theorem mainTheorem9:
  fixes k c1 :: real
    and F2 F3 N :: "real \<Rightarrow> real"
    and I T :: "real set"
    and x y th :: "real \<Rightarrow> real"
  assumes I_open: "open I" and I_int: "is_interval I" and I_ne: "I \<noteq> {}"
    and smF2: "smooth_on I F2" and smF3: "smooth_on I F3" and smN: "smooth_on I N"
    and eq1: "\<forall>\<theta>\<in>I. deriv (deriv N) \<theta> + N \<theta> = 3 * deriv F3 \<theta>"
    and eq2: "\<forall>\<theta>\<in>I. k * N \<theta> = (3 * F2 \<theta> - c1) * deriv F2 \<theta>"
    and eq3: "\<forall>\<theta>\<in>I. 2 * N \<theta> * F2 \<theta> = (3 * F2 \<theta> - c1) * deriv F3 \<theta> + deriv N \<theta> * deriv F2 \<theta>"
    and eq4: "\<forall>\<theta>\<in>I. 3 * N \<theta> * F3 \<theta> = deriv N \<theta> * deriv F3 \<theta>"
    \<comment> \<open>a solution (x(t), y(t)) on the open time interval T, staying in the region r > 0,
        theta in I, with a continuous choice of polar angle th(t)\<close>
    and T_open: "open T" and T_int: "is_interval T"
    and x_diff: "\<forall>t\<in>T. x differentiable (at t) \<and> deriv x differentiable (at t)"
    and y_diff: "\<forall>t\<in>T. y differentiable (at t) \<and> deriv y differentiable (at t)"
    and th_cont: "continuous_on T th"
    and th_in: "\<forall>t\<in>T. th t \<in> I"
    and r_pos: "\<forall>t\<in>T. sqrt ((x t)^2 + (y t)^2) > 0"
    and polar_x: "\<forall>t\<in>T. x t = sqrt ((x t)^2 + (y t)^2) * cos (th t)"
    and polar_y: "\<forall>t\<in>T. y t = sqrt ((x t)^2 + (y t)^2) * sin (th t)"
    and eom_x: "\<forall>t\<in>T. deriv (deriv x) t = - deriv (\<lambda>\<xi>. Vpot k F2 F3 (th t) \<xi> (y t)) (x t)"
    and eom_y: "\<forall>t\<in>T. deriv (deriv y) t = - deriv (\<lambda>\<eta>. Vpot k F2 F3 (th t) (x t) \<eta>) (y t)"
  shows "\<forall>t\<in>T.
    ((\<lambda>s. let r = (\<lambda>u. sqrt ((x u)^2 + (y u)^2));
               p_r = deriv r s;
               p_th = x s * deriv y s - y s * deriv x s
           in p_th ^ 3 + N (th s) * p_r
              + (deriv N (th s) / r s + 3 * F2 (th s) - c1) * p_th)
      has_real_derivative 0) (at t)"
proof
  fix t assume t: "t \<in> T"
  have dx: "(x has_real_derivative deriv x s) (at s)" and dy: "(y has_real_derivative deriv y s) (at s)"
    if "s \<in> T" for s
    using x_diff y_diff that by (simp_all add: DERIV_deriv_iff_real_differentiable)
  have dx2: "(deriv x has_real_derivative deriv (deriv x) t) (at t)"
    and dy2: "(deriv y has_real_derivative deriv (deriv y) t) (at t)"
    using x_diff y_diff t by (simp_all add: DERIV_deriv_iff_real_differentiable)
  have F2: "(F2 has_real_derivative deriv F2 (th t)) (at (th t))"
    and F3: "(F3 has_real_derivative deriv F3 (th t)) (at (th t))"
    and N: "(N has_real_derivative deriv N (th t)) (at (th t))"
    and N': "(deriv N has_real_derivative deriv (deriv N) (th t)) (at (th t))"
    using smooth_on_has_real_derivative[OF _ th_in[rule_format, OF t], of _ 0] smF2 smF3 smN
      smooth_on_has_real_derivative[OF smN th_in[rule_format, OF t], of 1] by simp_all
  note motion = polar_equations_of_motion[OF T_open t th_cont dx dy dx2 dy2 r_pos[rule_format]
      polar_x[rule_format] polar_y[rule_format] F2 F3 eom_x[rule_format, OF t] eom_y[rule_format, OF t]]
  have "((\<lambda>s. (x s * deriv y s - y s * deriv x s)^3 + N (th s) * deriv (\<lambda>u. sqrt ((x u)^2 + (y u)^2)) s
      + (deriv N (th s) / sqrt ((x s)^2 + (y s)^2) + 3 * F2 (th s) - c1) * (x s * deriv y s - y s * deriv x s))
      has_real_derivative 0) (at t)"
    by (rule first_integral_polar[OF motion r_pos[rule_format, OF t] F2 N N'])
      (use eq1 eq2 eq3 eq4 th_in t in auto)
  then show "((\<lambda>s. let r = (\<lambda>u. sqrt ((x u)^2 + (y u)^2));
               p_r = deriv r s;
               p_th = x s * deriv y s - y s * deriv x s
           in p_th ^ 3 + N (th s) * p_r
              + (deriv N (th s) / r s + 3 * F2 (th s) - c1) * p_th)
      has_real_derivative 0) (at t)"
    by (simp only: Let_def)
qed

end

____

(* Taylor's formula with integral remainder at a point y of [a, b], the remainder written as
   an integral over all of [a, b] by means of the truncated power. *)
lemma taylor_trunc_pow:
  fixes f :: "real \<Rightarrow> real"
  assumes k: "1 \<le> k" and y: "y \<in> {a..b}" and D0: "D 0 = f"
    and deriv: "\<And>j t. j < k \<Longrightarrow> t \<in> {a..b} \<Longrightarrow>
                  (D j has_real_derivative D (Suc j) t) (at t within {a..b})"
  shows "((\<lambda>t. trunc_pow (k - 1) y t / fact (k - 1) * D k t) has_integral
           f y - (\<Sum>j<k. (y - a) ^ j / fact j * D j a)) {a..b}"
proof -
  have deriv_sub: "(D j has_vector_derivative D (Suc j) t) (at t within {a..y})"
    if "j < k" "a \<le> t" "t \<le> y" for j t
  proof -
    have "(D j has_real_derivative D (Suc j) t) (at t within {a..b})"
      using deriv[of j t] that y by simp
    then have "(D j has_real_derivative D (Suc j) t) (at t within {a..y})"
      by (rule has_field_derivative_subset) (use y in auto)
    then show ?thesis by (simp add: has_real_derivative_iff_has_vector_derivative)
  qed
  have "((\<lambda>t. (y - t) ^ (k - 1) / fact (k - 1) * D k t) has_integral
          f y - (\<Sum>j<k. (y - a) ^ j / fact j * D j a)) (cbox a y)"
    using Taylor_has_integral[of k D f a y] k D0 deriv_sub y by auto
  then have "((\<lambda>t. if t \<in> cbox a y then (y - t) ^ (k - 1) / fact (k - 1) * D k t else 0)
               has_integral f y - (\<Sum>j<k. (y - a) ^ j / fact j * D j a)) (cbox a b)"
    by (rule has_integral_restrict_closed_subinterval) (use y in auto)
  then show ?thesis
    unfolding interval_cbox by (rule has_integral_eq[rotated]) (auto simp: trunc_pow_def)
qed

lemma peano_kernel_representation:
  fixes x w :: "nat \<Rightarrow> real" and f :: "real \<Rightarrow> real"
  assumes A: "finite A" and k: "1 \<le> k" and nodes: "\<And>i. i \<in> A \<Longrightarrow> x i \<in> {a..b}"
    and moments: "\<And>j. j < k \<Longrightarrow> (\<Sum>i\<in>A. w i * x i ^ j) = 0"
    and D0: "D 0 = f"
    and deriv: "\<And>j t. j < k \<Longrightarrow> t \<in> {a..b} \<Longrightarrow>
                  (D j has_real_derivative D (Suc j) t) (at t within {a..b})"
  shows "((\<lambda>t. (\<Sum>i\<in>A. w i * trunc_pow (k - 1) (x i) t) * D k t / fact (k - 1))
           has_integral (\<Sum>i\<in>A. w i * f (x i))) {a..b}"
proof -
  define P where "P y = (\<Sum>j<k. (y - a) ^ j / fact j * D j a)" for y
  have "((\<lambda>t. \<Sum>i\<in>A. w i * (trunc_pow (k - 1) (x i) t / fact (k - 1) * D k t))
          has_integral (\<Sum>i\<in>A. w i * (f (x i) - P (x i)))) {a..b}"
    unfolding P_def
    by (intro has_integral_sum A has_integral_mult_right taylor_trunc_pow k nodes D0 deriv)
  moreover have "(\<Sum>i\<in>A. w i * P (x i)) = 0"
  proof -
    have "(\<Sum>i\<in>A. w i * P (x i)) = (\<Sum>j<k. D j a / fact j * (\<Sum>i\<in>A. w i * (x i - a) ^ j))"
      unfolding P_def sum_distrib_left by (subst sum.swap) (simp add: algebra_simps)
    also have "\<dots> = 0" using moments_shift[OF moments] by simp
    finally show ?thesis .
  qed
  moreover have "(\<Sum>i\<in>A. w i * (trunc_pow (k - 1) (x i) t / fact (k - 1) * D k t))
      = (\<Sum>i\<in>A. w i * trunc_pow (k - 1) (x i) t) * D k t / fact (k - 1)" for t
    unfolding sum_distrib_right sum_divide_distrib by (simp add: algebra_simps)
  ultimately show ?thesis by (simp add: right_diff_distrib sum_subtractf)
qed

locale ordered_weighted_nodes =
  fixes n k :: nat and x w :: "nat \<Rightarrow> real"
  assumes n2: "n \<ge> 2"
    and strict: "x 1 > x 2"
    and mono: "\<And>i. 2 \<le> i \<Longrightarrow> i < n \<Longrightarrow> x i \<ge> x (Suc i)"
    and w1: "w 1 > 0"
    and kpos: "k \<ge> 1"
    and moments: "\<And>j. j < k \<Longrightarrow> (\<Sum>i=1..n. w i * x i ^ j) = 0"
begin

____

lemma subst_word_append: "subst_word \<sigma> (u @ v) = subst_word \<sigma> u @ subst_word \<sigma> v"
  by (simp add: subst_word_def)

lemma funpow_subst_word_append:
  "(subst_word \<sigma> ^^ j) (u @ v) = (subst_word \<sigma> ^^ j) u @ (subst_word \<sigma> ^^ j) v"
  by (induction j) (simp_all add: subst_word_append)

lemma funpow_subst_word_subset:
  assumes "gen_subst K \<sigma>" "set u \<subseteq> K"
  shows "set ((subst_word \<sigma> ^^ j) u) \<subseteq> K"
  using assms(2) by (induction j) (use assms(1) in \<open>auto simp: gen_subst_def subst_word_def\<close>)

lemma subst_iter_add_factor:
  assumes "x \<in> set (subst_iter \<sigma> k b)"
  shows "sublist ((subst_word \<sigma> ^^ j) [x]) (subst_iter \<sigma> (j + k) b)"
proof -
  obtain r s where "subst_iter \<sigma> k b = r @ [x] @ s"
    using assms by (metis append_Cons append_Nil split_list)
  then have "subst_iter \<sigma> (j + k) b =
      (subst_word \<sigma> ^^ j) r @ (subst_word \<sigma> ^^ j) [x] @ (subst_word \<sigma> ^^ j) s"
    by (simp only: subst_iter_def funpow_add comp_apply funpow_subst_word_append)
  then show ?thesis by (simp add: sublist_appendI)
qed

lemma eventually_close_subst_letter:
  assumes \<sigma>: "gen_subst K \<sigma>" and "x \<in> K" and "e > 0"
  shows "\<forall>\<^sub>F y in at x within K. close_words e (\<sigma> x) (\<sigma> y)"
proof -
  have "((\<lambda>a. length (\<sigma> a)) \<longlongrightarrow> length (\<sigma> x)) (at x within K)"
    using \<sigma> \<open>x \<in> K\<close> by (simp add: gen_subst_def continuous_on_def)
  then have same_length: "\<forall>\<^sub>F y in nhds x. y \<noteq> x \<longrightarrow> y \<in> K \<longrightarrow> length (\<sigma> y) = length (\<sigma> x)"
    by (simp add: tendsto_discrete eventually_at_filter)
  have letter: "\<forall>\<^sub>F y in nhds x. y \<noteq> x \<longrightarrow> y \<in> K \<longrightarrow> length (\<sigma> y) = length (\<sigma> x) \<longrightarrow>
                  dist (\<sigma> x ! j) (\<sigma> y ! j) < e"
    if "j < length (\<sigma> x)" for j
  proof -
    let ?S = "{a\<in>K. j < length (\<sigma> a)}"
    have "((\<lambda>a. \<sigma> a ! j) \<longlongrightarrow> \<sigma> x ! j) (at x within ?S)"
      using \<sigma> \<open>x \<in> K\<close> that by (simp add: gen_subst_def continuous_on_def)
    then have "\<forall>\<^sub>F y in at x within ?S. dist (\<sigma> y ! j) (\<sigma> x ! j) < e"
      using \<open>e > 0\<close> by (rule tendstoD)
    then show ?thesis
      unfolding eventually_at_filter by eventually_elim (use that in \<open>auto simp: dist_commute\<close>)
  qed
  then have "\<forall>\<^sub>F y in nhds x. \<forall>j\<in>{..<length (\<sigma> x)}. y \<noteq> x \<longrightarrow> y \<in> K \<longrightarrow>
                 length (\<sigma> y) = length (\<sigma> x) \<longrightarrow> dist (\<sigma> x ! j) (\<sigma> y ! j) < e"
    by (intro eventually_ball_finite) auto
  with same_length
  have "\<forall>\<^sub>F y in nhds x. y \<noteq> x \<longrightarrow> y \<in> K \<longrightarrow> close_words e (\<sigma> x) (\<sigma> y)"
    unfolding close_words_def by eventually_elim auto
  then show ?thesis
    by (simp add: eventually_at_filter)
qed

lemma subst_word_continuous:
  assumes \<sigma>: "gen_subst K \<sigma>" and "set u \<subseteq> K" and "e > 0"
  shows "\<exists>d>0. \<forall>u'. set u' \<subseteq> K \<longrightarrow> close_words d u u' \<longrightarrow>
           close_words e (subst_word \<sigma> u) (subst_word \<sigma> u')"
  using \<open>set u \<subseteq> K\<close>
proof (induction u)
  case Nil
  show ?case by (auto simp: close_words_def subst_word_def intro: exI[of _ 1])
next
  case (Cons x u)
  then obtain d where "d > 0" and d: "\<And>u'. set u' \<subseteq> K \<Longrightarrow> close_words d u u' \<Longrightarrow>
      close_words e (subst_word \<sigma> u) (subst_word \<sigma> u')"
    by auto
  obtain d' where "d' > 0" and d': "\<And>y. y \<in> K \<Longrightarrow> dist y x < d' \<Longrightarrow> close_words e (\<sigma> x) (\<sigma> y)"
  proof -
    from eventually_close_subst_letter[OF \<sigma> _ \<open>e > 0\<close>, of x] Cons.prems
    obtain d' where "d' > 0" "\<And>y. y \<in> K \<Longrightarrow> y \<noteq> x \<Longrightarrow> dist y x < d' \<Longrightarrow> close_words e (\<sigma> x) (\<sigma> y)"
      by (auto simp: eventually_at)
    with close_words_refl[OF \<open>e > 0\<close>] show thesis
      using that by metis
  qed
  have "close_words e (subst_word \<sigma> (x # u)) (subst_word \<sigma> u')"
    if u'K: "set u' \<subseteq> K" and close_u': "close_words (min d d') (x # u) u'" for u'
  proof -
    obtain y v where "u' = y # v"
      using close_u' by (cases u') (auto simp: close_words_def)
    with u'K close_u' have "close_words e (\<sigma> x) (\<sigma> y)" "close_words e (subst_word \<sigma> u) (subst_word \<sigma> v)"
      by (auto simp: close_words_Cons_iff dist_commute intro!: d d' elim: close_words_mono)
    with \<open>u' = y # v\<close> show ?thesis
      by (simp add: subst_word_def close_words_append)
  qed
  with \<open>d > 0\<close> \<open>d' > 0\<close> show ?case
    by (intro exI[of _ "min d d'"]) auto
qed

____

▶ [Problem statement]
Find "then obtain d" in the entries above and copy that whole line exactly, then each line after it through the line that contains "using close_u' by".

▶ [Result]
  then obtain d where "d > 0" and d: "\<And>u'. set u' \<subseteq> K \<Longrightarrow> close_words d u u' \<Longrightarrow>
      close_words e (subst_word \<sigma> u) (subst_word \<sigma> u')"
    by auto
  obtain d' where "d' > 0" and d': "\<And>y. y \<in> K \<Longrightarrow> dist y x < d' \<Longrightarrow> close_words e (\<sigma> x) (\<sigma> y)"
  proof -
    from eventually_close_subst_letter[OF \<sigma> _ \<open>e > 0\<close>, of x] Cons.prems
    obtain d' where "d' > 0" "\<And>y. y \<in> K \<Longrightarrow> y \<noteq> x \<Longrightarrow> dist y x < d' \<Longrightarrow> close_words e (\<sigma> x) (\<sigma> y)"
      by (auto simp: eventually_at)
    with close_words_refl[OF \<open>e > 0\<close>] show thesis
      using that by metis
  qed
  have "close_words e (subst_word \<sigma> (x # u)) (subst_word \<sigma> u')"
    if u'K: "set u' \<subseteq> K" and close_u': "close_words (min d d') (x # u) u'" for u'
  proof -
    obtain y v where "u' = y # v"
      using close_u' by (cases u') (auto simp: close_words_def)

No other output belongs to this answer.